Corker Questions Vice President for Misleading on Deadly Terrorist Attacks in Benghazi
October 12 2012 -
KNOXVILLE, TENN. – U.S. Senator Bob Corker, R-Tenn., a member of the Senate Foreign Relations Committee, questioned Vice President Joe Biden’s comments during last night’s vice presidential debate in which Biden blamed the intelligence community for the administration’s initial false assessment of what led to the deadly attacks on the U.S. consulate in Benghazi, Libya, when it was known by the administration within 24 hours that the attack was an act of terrorism.  The vice president also mistakenly claimed that no requests were made for additional security by U.S. officials in Libya prior to the attack on September 11.

"The vice president's comments last night about the situation in Benghazi, which claimed the lives of four Americans, absolutely do not square with facts on the ground in Libya," said Corker. "Within 24 hours of the incident the administration knew that this was an orchestrated terrorist attack, and they clearly were aware of the specific details, including requests for additional security, that have finally been made public this week.  With the vice president continuing this ruse with his comments last night, all Americans should ask what the administration is trying to hide."

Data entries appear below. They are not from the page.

(* Let $X,Y\in\mathbb R^{d\times d}$ be symmetric positive definite with $Y\preceq X$. Then for all $0<c\le C$, $$X^{-1/2}(X-Y)X^{-1/2}\preceq\frac{3(\log C-\log c)}{\pi^2}(\log X-\log Y)+\Big(\frac{12cd}{\pi^2\lambda_{\min}(X)^2}+\frac{12d}{\pi^2C}\Big)\operatorname{Tr}(X-Y)\,I_d.$$
   Context: $\log$ of a symmetric positive definite matrix is the matrix logarithm; $\lambda_{\min}(X)$ is the smallest eigenvalue; $\preceq$ is the Loewner order. *)

theory Defs
  imports "HOL-Analysis.Analysis"
begin

definition diag_mat :: "real^'n \<Rightarrow> real^'n^'n" where
  "diag_mat d = (\<chi> i j. if i = j then d $ i else 0)"

definition sym_mat :: "real^'n^'n \<Rightarrow> bool" where
  "sym_mat A \<longleftrightarrow> transpose A = A"

definition spd :: "real^'n^'n \<Rightarrow> bool" where
  "spd A \<longleftrightarrow> sym_mat A \<and> (\<forall>x. x \<noteq> 0 \<longrightarrow> x \<bullet> (A *v x) > 0)"

definition loewner_le :: "real^'n^'n \<Rightarrow> real^'n^'n \<Rightarrow> bool" (infix "\<preceq>\<^sub>L" 50) where
  "A \<preceq>\<^sub>L B \<longleftrightarrow> (\<forall>x. x \<bullet> (A *v x) \<le> x \<bullet> (B *v x))"

definition mat_fun :: "(real \<Rightarrow> real) \<Rightarrow> real^'n^'n \<Rightarrow> real^'n^'n" where
  "mat_fun f A = (SOME L. \<exists>P d. orthogonal_matrix P \<and> A = P ** diag_mat d ** transpose P
                        \<and> L = P ** diag_mat (\<chi> i. f (d $ i)) ** transpose P)"

definition mat_log :: "real^'n^'n \<Rightarrow> real^'n^'n" where
  "mat_log A = mat_fun ln A"

definition mat_inv_sqrt :: "real^'n^'n \<Rightarrow> real^'n^'n" where
  "mat_inv_sqrt A = mat_fun (\<lambda>t. 1 / sqrt t) A"

definition lambda_min :: "real^'n^'n \<Rightarrow> real" where
  "lambda_min A = Min {l. \<exists>v. v \<noteq> 0 \<and> A *v v = l *\<^sub>R v}"

end

theory Submission
  imports Defs
begin

text \<open>
  Write \<open>D = X - Y\<close> and \<open>u(T) = (X + T)\<^sup>-\<^sup>1 v\<close>. The proof combines the integral representations
  \<open>\<pi> X\<^sup>-\<^sup>1\<^sup>/\<^sup>2 = \<integral>\<^sub>0\<^sup>\<infinity> T\<^sup>-\<^sup>1\<^sup>/\<^sup>2 (X + T)\<^sup>-\<^sup>1 dT\<close> and
  \<open>log X - log Y = \<integral>\<^sub>0\<^sup>\<infinity> ((Y + T)\<^sup>-\<^sup>1 - (X + T)\<^sup>-\<^sup>1) dT\<close> with the operator inequality
  \<open>(X + T)\<^sup>-\<^sup>1 D (X + T)\<^sup>-\<^sup>1 \<preceq> (Y + T)\<^sup>-\<^sup>1 - (X + T)\<^sup>-\<^sup>1\<close>. Split \<open>\<pi> X\<^sup>-\<^sup>1\<^sup>/\<^sup>2 v\<close> into the
  integrals over \<open>[0, c]\<close>, \<open>[c, C]\<close> and \<open>[C, \<infinity>)\<close>. By Cauchy-Schwarz and the operator
  inequality, the middle piece \<open>b\<close> satisfies
  \<open>b\<^sup>T D b \<le> log (C / c) \<integral>\<^sub>c\<^sup>C u(T)\<^sup>T D u(T) dT \<le> log (C / c) v\<^sup>T (log X - log Y) v\<close>.
  The outer pieces have norm at most \<open>2 \<surd>c |v| / \<lambda>\<^sub>m\<^sub>i\<^sub>n(X)\<close> and \<open>2 |v| / \<surd>C\<close>, and
  \<open>D \<preceq> Tr D\<close> bounds their contribution.
  The pieces are recombined with \<open>(a + b + c)\<^sup>T D (a + b + c) \<le> 3 (a\<^sup>T D a + b\<^sup>T D b + c\<^sup>T D c)\<close>.
  No integral is formalised: each one is replaced by an explicit antiderivative in its upper
  limit, and every inequality between integrals becomes the monotonicity of a function of that
  limit.
\<close>

section \<open>Spectral theorem for symmetric matrices\<close>

declare transpose_matrix_vector [simp del]

lemma sym_mat_inner_commute:
  fixes A :: "real^'n^'n"
  assumes "sym_mat A"
  shows "u \<bullet> (A *v w) = w \<bullet> (A *v u)"
proof -
  have "u \<bullet> (A *v w) = (transpose A *v u) \<bullet> w"
    by (simp add: transpose_matrix_vector dot_lmul_matrix)
  then show ?thesis
    using assms by (simp add: sym_mat_def inner_commute)
qed

lemma linear_coeff_eq_0_if_quadratic_nonneg:
  fixes b q :: real
  assumes nonneg: "\<And>t. 0 \<le> 2 * t * b + t\<^sup>2 * q" and "0 \<le> q"
  shows "b = 0"
proof -
  define t where "t = - b / (q + 1)"
  have t: "(q + 1) * t = - b"
    using \<open>0 \<le> q\<close> by (simp add: t_def)
  have "0 \<le> (q + 1)\<^sup>2 * (2 * t * b + t\<^sup>2 * q)"
    using nonneg by simp
  also have "\<dots> = 2 * b * (q + 1) * ((q + 1) * t) + ((q + 1) * t)\<^sup>2 * q"
    by (simp add: algebra_simps power2_eq_square)
  also have "\<dots> = - b\<^sup>2 * (q + 2)"
    unfolding t by (simp add: algebra_simps power2_eq_square)
  finally show "b = 0"
    using \<open>0 \<le> q\<close> by (simp add: mult_le_0_iff)
qed

lemma quadratic_form_max_on_subspace:
  fixes A :: "real^'n^'n"
  assumes "subspace W" and "w \<in> W" "w \<noteq> 0"
  obtains x where "x \<in> W" "norm x = 1" "\<And>y. y \<in> W \<Longrightarrow> y \<bullet> (A *v y) \<le> (x \<bullet> (A *v x)) * (y \<bullet> y)"
proof -
  define K where "K = sphere 0 1 \<inter> W"
  have "compact K"
    unfolding K_def by (intro compact_Int_closed compact_sphere closed_subspace \<open>subspace W\<close>)
  moreover have "(1 / norm w) *\<^sub>R w \<in> K"
    using assms by (simp add: K_def subspace_scale)
  moreover have "continuous_on K (\<lambda>x. x \<bullet> (A *v x))"
    by (intro continuous_intros matrix_vector_mult_linear_continuous_on[unfolded o_def])
  ultimately obtain x where "x \<in> K" and max: "\<And>y. y \<in> K \<Longrightarrow> y \<bullet> (A *v y) \<le> x \<bullet> (A *v x)"
    using continuous_attains_sup[of K "\<lambda>x. x \<bullet> (A *v x)"] by blast
  have "y \<bullet> (A *v y) \<le> (x \<bullet> (A *v x)) * (y \<bullet> y)" if "y \<in> W" for y
  proof (cases "y = 0")
    case False
    have "(1 / norm y) *\<^sub>R y \<in> K"
      using that False \<open>subspace W\<close> by (simp add: K_def subspace_scale)
    then have "(1 / norm y)\<^sup>2 * (y \<bullet> (A *v y)) \<le> x \<bullet> (A *v x)"
      using max by (fastforce simp: matrix_vector_mult_scaleR power2_eq_square)
    then show ?thesis
      using False by (simp add: field_simps power2_norm_eq_inner)
  qed simp
  moreover have "x \<in> W" "norm x = 1"
    using \<open>x \<in> K\<close> by (auto simp: K_def)
  ultimately show thesis
    using that by blast
qed

lemma sym_mat_rayleigh_max_eigenvector:
  fixes A :: "real^'n^'n"
  assumes sym: "sym_mat A" and "subspace W" and invariant: "\<And>y. y \<in> W \<Longrightarrow> A *v y \<in> W"
    and "x \<in> W" "norm x = 1" and max: "\<And>y. y \<in> W \<Longrightarrow> y \<bullet> (A *v y) \<le> (x \<bullet> (A *v x)) * (y \<bullet> y)"
  shows "A *v x = (x \<bullet> (A *v x)) *\<^sub>R x"
proof -
  define m where "m = x \<bullet> (A *v x)"
  define gap where "gap y z = m * (y \<bullet> z) - y \<bullet> (A *v z)" for y z
  have gap_nonneg: "0 \<le> gap y y" if "y \<in> W" for y
    using max[OF that] by (simp add: gap_def m_def)
  have "gap x x = 0"
    using \<open>norm x = 1\<close> by (simp add: gap_def m_def power2_norm_eq_inner[symmetric])
  have gap_x: "gap x y = 0" if "y \<in> W" for y
  proof (rule linear_coeff_eq_0_if_quadratic_nonneg)
    show "0 \<le> gap y y"
      by (rule gap_nonneg[OF that])
    fix t :: real
    have "x + t *\<^sub>R y \<in> W"
      using \<open>x \<in> W\<close> that \<open>subspace W\<close> by (simp add: subspace_add subspace_scale)
    then have "0 \<le> gap (x + t *\<^sub>R y) (x + t *\<^sub>R y)"
      by (rule gap_nonneg)
    also have "\<dots> = gap x x + 2 * t * gap x y + t\<^sup>2 * gap y y"
      using sym_mat_inner_commute[OF sym, of y x]
      by (simp add: gap_def algebra_simps inner_add_left inner_add_right inner_commute power2_eq_square)
    finally show "0 \<le> 2 * t * gap x y + t\<^sup>2 * gap y y"
      using \<open>gap x x = 0\<close> by simp
  qed
  define z where "z = m *\<^sub>R x - A *v x"
  have "z \<in> W"
    using \<open>x \<in> W\<close> invariant \<open>subspace W\<close> by (simp add: z_def subspace_diff subspace_scale)
  moreover have "z \<bullet> z = gap x z"
    using sym_mat_inner_commute[OF sym, of z x] by (simp add: z_def gap_def inner_diff_left inner_commute)
  ultimately have "z = 0"
    using gap_x by simp
  then show ?thesis
    by (simp add: z_def m_def)
qed

lemma sym_mat_orthogonal_complement_invariant:
  fixes A :: "real^'n^'n"
  assumes "sym_mat A" and eig: "\<And>b. b \<in> B \<Longrightarrow> A *v b = (b \<bullet> (A *v b)) *\<^sub>R b"
    and orth: "\<forall>b\<in>B. b \<bullet> z = 0"
  shows "\<forall>b\<in>B. b \<bullet> (A *v z) = 0"
proof
  fix b
  assume "b \<in> B"
  have "b \<bullet> (A *v z) = z \<bullet> (A *v b)"
    by (rule sym_mat_inner_commute[OF assms(1)])
  also have "\<dots> = (b \<bullet> (A *v b)) * (b \<bullet> z)"
    by (subst eig[OF \<open>b \<in> B\<close>]) (simp add: inner_commute)
  finally show "b \<bullet> (A *v z) = 0"
    using orth \<open>b \<in> B\<close> by simp
qed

Corker returned to Tennessee late Tuesday from a fact-finding trip to Jordan, Libya, and the Syrian border. In Tripoli on Monday, Corker participated in a briefing regarding the situation on the ground in Libya and the terrorist attack in Benghazi.  He has continued to note the heroism of the four Americans killed, including Ambassador Christopher Stevens, and the security officials who responded to the attack that night.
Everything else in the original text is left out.